(Collected data)
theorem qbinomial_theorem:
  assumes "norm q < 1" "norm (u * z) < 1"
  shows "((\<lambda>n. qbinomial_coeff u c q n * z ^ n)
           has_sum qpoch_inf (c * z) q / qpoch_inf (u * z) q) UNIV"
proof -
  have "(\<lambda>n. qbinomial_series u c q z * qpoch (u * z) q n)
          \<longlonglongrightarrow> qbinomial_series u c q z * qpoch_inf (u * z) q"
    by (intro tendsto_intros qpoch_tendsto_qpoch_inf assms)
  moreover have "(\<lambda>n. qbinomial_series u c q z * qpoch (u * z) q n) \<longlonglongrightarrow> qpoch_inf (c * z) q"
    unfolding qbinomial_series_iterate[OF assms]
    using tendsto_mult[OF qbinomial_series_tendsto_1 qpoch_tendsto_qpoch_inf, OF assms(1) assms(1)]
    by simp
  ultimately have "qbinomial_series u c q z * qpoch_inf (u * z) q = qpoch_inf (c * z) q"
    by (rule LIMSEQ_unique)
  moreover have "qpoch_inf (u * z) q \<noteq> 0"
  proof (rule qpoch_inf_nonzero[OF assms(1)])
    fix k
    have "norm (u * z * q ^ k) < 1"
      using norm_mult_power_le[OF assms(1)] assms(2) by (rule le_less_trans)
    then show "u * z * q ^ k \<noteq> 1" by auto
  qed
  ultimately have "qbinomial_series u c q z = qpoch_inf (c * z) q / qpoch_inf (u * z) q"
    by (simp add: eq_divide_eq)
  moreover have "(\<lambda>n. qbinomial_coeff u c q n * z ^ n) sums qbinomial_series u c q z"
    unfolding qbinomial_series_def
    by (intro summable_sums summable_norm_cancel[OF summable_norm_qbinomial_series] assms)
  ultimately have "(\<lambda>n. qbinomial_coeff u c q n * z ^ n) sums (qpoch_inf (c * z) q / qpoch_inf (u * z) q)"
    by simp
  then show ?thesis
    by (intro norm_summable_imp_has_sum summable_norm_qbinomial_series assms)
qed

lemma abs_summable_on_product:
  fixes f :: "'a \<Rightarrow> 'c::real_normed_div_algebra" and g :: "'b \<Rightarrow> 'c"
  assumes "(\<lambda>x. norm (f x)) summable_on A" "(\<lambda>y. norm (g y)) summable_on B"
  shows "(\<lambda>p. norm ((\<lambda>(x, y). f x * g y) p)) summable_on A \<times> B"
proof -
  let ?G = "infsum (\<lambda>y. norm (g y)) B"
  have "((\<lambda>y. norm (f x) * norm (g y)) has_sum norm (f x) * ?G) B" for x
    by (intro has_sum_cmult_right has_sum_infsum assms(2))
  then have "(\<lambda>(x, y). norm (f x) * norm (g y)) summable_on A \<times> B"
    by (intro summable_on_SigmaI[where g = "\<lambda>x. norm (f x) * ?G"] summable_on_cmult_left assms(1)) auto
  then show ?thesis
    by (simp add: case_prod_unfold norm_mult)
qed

--

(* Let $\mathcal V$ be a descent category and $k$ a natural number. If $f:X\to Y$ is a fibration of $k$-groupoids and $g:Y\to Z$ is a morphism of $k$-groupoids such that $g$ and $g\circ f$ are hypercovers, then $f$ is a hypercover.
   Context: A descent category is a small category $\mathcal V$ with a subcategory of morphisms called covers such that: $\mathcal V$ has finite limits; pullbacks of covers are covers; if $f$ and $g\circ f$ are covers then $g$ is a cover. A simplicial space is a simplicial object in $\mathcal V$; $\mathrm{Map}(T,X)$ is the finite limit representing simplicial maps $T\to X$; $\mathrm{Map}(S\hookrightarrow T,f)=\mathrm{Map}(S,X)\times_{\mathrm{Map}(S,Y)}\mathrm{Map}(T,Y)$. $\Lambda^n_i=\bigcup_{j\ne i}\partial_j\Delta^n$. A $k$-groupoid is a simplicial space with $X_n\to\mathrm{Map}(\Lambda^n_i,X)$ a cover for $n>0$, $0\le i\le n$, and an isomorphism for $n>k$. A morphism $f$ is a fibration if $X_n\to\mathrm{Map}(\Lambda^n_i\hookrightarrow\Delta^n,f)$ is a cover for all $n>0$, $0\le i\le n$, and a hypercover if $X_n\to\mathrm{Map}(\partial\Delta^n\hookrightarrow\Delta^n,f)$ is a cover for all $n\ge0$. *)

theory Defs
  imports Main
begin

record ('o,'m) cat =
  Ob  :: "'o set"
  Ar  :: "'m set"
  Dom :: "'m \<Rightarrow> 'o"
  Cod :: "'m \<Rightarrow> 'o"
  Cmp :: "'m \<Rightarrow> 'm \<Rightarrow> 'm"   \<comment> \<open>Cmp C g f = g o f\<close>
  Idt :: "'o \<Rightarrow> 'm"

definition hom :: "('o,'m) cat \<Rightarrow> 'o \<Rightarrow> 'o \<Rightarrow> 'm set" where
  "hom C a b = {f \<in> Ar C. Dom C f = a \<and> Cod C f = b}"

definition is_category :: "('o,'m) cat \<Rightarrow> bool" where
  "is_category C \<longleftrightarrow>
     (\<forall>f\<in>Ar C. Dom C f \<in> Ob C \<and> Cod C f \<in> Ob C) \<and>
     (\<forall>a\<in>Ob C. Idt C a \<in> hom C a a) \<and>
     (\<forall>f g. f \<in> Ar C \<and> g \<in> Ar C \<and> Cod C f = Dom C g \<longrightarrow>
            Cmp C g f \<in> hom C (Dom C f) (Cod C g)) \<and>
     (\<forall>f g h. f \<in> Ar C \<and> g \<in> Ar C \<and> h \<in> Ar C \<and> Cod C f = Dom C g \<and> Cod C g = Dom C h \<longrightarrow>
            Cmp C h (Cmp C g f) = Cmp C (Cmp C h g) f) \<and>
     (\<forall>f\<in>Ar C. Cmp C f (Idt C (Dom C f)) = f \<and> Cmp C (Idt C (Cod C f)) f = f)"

PROBLEM TO WORK ON — Where in the entries above does the word "moreover" appear? Copy each line that has it.

EXERCISE ANSWER —
  moreover have "(\<lambda>n. qbinomial_series u c q z * qpoch (u * z) q n) \<longlonglongrightarrow> qpoch_inf (c * z) q"
  moreover have "qpoch_inf (u * z) q \<noteq> 0"
  moreover have "(\<lambda>n. qbinomial_coeff u c q n * z ^ n) sums qbinomial_series u c q z"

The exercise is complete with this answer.